フィラデルフィア・フライヤーズvs.ピッツバーグ・ペンギンズ戦のハイライト映像。それにしても、フライヤーズ、延長戦がやたら多くね?

【深堀りコラム】🔥現役でシュートアウトが上手い選手(2025–26シーズン中心)

◯キリル・マルチェンコ(Columbus Blue Jackets)

 現在のシーズンではゼグラスと並んで最多クラスのシュートアウト得点数を記録しており、5得点という数字を達成している。成功率も非常に高く、チームにとって“決定的な一撃”を生み出せる選手として評価されている。

◯アドリアン・ケンペ(Los Angeles Kings)

 マルチェンコと同じくこのシーズンで5得点と多くのシュートアウト得点を挙げているベテランで、決定力の確かさが際立っている。
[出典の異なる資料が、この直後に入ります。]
(* For integers $0 \le j \le i$ let $P(i,j) = \frac{i!}{(i-j)!}$, and for an integer $i \geq 0$ let $F(i) = \sum_{j=0}^{i} P(i,j)$. For integers $N \geq 1$ and $1 \leq n \leq N$ define \[ P_{RPS}(n \mid N) = \frac{P(N,n)\,\bigl(F(n)-1\bigr)}{\sum_{i=1}^{N} P(N,i)\,\bigl(F(i)-1\bigr)} . \] Then \[ \lim_{N \to \infty} P_{RPS}(N \mid N) = 1 . \]
   Context: $P_{RPS}(\cdot \mid N)$ is called the RPST distribution: a probability distribution on $\{1, \dots, N\}$, where $P(N,n)$ is the number of ordered selections (permutation sequences) of length $n$ from $N$ elements, and $F(i)$ is the number of permutation events, including the empty one, on a set of $i$ elements. *)

theory Defs
  imports Complex_Main
begin

definition perm_count :: "nat \<Rightarrow> nat \<Rightarrow> nat" where
  "perm_count i j = fact i div fact (i - j)"

definition F_count :: "nat \<Rightarrow> nat" where
  "F_count i = (\<Sum>j = 0..i. perm_count i j)"

definition P_RPS :: "nat \<Rightarrow> nat \<Rightarrow> real" where
  "P_RPS n N = real (perm_count N n) * (real (F_count n) - 1) /
      (\<Sum>i = 1..N. real (perm_count N i) * (real (F_count i) - 1))"

end

theory Submission
  imports Defs
begin

text \<open>
  Since \<open>F(i) = \<Sum>\<^sub>k i!/k!\<close> lies between \<open>i! + 1\<close> (for \<open>i \<ge> 1\<close>) and \<open>e i!\<close>, the weight
  \<open>P(N,i) (F(i) - 1)\<close> of \<open>i < N\<close> is at most \<open>3 N! i!\<close>, while the weight of \<open>N\<close> is at
  least \<open>N!\<^sup>2\<close>. As the factorials below \<open>N\<close> sum to at most \<open>2 (N-1)!\<close>, all weights
  below \<open>N\<close> together are at most \<open>6/N\<close> times the weight of \<open>N\<close>.
\<close>

lemma perm_count_0 [simp]: "perm_count i 0 = 1"
  unfolding perm_count_def by simp

lemma perm_count_self [simp]: "perm_count i i = fact i"
  unfolding perm_count_def by simp

lemma perm_count_le_fact: "perm_count N i \<le> fact N"
  unfolding perm_count_def by (simp add: div_le_dividend)

lemma perm_count_Suc_Suc: "k \<le> i \<Longrightarrow> perm_count (Suc i) (Suc k) = Suc i * perm_count i k"
  unfolding perm_count_def by (simp add: div_mult_swap fact_dvd)

lemma F_count_0 [simp]: "F_count 0 = 1"
  unfolding F_count_def by simp

lemma F_count_Suc: "F_count (Suc i) = Suc i * F_count i + 1"
proof -
  have "F_count (Suc i) = perm_count (Suc i) 0 + (\<Sum>j = 0..i. perm_count (Suc i) (Suc j))"
    unfolding F_count_def by (simp only: sum.atLeast0_atMost_Suc_shift o_def)
  also have "(\<Sum>j = 0..i. perm_count (Suc i) (Suc j)) = (\<Sum>j = 0..i. Suc i * perm_count i j)"
    by (rule sum.cong) (auto simp: perm_count_Suc_Suc)
  also have "\<dots> = Suc i * F_count i"
    unfolding F_count_def by (simp add: sum_distrib_left)
  finally show ?thesis by simp
qed

lemma fact_le_F_count: "fact i \<le> F_count i"
proof -
  have "perm_count i i \<le> F_count i"
    unfolding F_count_def by (rule member_le_sum) auto
  then show ?thesis by simp
qed

lemma F_count_pos: "0 < F_count i"
  using fact_le_F_count[of i] fact_gt_zero[of i, where 'a = nat] by linarith

lemma fact_Suc_less_F_count: "fact (Suc n) < F_count (Suc n)"
  using mult_le_mono2[OF fact_le_F_count, of "Suc n" n] by (simp add: F_count_Suc)

lemma F_count_less_3_fact: "F_count i < 3 * fact i"
proof (induction i)
  case 0
  then show ?case by simp
next
  case (Suc n)
  show ?case
  proof (cases "n = 0")
    case True
    then show ?thesis by (simp add: F_count_Suc)
  next
    case False
    have "Suc n * (F_count n + 1) \<le> Suc n * (3 * fact n)"
      using Suc.IH by (intro mult_le_mono2) simp
    then show ?thesis
      using False by (simp add: F_count_Suc algebra_simps)
  qed
qed

lemma sum_lessThan_fact_le: "(\<Sum>i<n. fact i) \<le> (fact n :: nat)"
proof (induction n)
  case 0
  then show ?case by simp
next
  case (Suc n)
  show ?case
  proof (cases "n = 0")
    case True
    then show ?thesis by simp
  next
    case False
    have "(\<Sum>i<Suc n. fact i) \<le> 2 * (fact n :: nat)"
      using Suc.IH by simp
    also have "\<dots> \<le> Suc n * fact n"
      using False by (intro mult_le_mono1) simp
    finally show ?thesis by simp
  qed
qed

lemma sum_atMost_fact_le: "(\<Sum>i\<le>n. fact i) \<le> 2 * (fact n :: nat)"
  using sum_lessThan_fact_le[of n] by (simp add: lessThan_Suc_atMost[symmetric])

definition rps_weight :: "nat \<Rightarrow> nat \<Rightarrow> real" where
  "rps_weight N i = real (perm_count N i) * (real (F_count i) - 1)"

lemma P_RPS_eq: "P_RPS n N = rps_weight N n / (\<Sum>i = 1..N. rps_weight N i)"
  unfolding P_RPS_def rps_weight_def ..

lemma rps_weight_nonneg: "0 \<le> rps_weight N i"
  using F_count_pos[of i] unfolding rps_weight_def by simp

lemma rps_weight_le: "rps_weight N i \<le> 3 * fact N * fact i"
proof -
  have "real (perm_count N i) \<le> fact N"
    using of_nat_mono[OF perm_count_le_fact[of N i], where 'a = real] by simp
  moreover have "real (F_count i) - 1 \<le> 3 * fact i"
    using of_nat_mono[OF less_imp_le[OF F_count_less_3_fact[of i]], where 'a = real] by simp
  moreover have "0 \<le> real (F_count i) - 1"
    using F_count_pos[of i] by simp
  ultimately have "rps_weight N i \<le> fact N * (3 * fact i)"
    unfolding rps_weight_def by (intro mult_mono) auto
  then show ?thesis
    by (simp add: mult_ac)
qed

lemma fact_sq_le_rps_weight_self: "0 < N \<Longrightarrow> fact N * fact N \<le> rps_weight N N"
proof -
  assume "0 < N"
  then have "fact N < F_count N"
    using fact_Suc_less_F_count[of "N - 1"] by simp
  then have "fact N \<le> real (F_count N) - 1"
    using of_nat_mono[of "fact N + 1" "F_count N", where 'a = real] by simp
  then show ?thesis
    unfolding rps_weight_def by simp
qed

lemma sum_rps_weight_below_le: "(\<Sum>i = 1..m. rps_weight (Suc m) i) \<le> 6 * fact (Suc m) * fact m"
proof -
  have "(\<Sum>i = 1..m. rps_weight (Suc m) i) \<le> (\<Sum>i = 1..m. 3 * fact (Suc m) * fact i)"
    by (intro sum_mono rps_weight_le)
  also have "\<dots> \<le> (\<Sum>i\<le>m. 3 * fact (Suc m) * fact i)"
    by (intro sum_mono2) auto
  also have "\<dots> = 3 * fact (Suc m) * (\<Sum>i\<le>m. fact i)"
    by (simp add: sum_distrib_left)
  also have "\<dots> \<le> 3 * fact (Suc m) * (2 * fact m)"
  proof -
    have "(\<Sum>i\<le>m. fact i :: real) \<le> 2 * fact m"
      using of_nat_mono[OF sum_atMost_fact_le[of m], where 'a = real] by simp
    then show ?thesis by (intro mult_left_mono) auto
  qed
  finally show ?thesis by simp
qed

lemma abs_divide_add_minus_1_le:
  fixes a r :: real
  assumes "0 < a" and "0 \<le> r"
  shows "\<bar>a / (a + r) - 1\<bar> \<le> r / a"
proof -
  have "\<bar>a / (a + r) - 1\<bar> = r / (a + r)"
    using assms by (simp add: field_simps)
  also have "\<dots> \<le> r / a"
    using assms by (intro divide_left_mono) auto
  finally show ?thesis .
qed

lemma abs_P_RPS_self_minus_1_le: "0 < N \<Longrightarrow> \<bar>P_RPS N N - 1\<bar> \<le> 6 / real N"
proof -
  assume "0 < N"
  then obtain m where N: "N = Suc m"
    using gr0_implies_Suc by blast
  let ?a = "rps_weight N N" and ?r = "\<Sum>i = 1..m. rps_weight N i"
  have a_ge: "fact N * fact N \<le> ?a"
    using fact_sq_le_rps_weight_self[OF \<open>0 < N\<close>] .
  have a_pos: "0 < ?a"
    using a_ge by (rule order_less_le_trans[rotated]) simp
  have total: "(\<Sum>i = 1..N. rps_weight N i) = ?a + ?r"
    using N by (simp add: sum.cl_ivl_Suc)
  have "\<bar>P_RPS N N - 1\<bar> \<le> ?r / ?a"
    unfolding P_RPS_eq total
    by (rule abs_divide_add_minus_1_le[OF a_pos sum_nonneg]) (rule rps_weight_nonneg)
  also have "\<dots> \<le> 6 * fact N * fact m / (fact N * fact N)"
    using N sum_rps_weight_below_le[of m] a_ge by (intro frac_le) auto
  also have "\<dots> = 6 * fact m / fact N"
    by simp
  also have "\<dots> = 6 / real N"
    using N by simp
  finally show ?thesis .
qed

theorem mainTheorem2:
  shows "(\<lambda>N. P_RPS N N) \<longlonglongrightarrow> 1"
proof -
  have "(\<lambda>N. 6 * (1 / real N)) \<longlonglongrightarrow> 0"
    using tendsto_mult_right_zero[OF lim_inverse_n'] .
  moreover have "\<forall>\<^sub>F N in sequentially. norm (P_RPS N N - 1) \<le> norm (6 * (1 / real N)) * 1"
    using eventually_gt_at_top[of 0]
    by eventually_elim (simp add: abs_P_RPS_self_minus_1_le)
  ultimately have "(\<lambda>N. P_RPS N N - 1) \<longlonglongrightarrow> 0"
    by (rule tendsto_0_le)
  then show ?thesis
    by (simp add: LIM_zero_iff)
qed

end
ただ多く打っている分、成功率自体はゼグラスほど飛び抜けていないが、勝負どころでの得点力は信頼できる。

◯ナゼム・カドリ(Colorado Avalanche)

 こちらも成功率100%と(サンプル数は少ないものの)高い精度を維持している。ケンペらと同じようにシーズンで上位に名を連ね、効率の良さでは注目に値する。
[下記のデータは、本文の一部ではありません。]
(* For every language $L\subseteq\Sigma^+$: if $(\Sigma^+\setminus L)\in LinConj$, then $L\in\mathtt{incl}$-$\mathtt{ESO}$-$\mathtt{HORN}$.
   Context: Fix a finite alphabet $\Sigma$. A nonempty word $w=w_1\cdots w_n$ is represented by the structure $\langle w\rangle=([1,n];(Q_s)_{s\in\Sigma},\mathtt{min},\mathtt{max},\mathtt{suc},\mathtt{pred})$ with $Q_s(i)\iff w_i=s$, $\mathtt{min}(i)\iff i=1$, $\mathtt{max}(i)\iff i=n$, $\mathtt{suc}(i)=\min(i+1,n)$, $\mathtt{pred}(i)=\max(i-1,1)$. For an integer $a$, $x+a$ denotes $\mathtt{suc}^a(x)$ if $a\ge0$ and $\mathtt{pred}^{-a}(x)$ if $a<0$; $y-b=\mathtt{pred}^b(y)$. An inclusion Horn formula is $\Phi=\exists\mathbf{R}\forall x\forall y\,\psi(x,y)$, $\mathbf{R}$ a finite set of binary relation symbols, $\psi$ a conjunction of Horn clauses over $\{(Q_s)_{s\in\Sigma},\mathtt{min},\mathtt{max},\mathtt{suc},\mathtt{pred}\}\cup\mathbf{R}\cup\{=,\le,<\}$, each of the form $x\le y\wedge\delta_1\wedge\cdots\wedge\delta_r\to\delta_0$ with $\delta_0$ an atom $R(x,y)$ ($R\in\mathbf{R}$) or $\bot$, each $\delta_i$ one of: $U(x+a)$, $\neg U(x+a)$, $U(y+a)$, $\neg U(y+a)$ for $U\in\{(Q_s)_{s\in\Sigma},\mathtt{min},\mathtt{max}\}$, $a\in\mathbb Z$; $x=y$ or $x<y$; $S(x+a,y-b)\wedge x+a\le y-b$ with $S\in\mathbf{R}$, $a,b\ge0$. $\mathtt{incl}$-$\mathtt{ESO}$-$\mathtt{HORN}$ is the class of languages $\{w\in\Sigma^+:\langle w\rangle\models\Phi\}$. A linear conjunctive grammar is $G=(\Sigma,N,P,S)$ with nonterminals $N$, start symbol $S\in N$, and a finite set $P$ of rules $A\to\alpha_1\&\cdots\&\alpha_k$ ($k\ge1$), each $\alpha_i\in\Sigma^*\cup\Sigma^*N\Sigma^*$. The languages $(L(A))_{A\in N}$ form the least (componentwise) solution of $L(A)=\bigcup_{(A\to\alpha_1\&\cdots\&\alpha_k)\in P}\bigcap_iL(\alpha_i)$, where $L(uBv)=uL(B)v$, $L(u)=\{u\}$ for $u,v\in\Sigma^*$, $B\in N$; $L(G)=L(S)$. $LinConj$ is the class of languages generated by such grammars. *)

theory Defs
  imports Main
begin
◯ジェイソン・ロバートソン(Dallas Stars)

 成功率こそゼグラスやマルチェンコに及ばないものの、キャリア通算でも高い成功率を保つタイプとして知られる。キャリア通算で見ると、現役選手でもゼグラスに次ぐ高順位に位置することもあり、安定感がポイント。

📊「効率」で見ると特に注目の選手

 キリル・マルチェンコは成功率も高く、シーズン中の得点数でゼグラスと並ぶことから「最も頼れるシュートアウトアーティストの一人」と言える存在。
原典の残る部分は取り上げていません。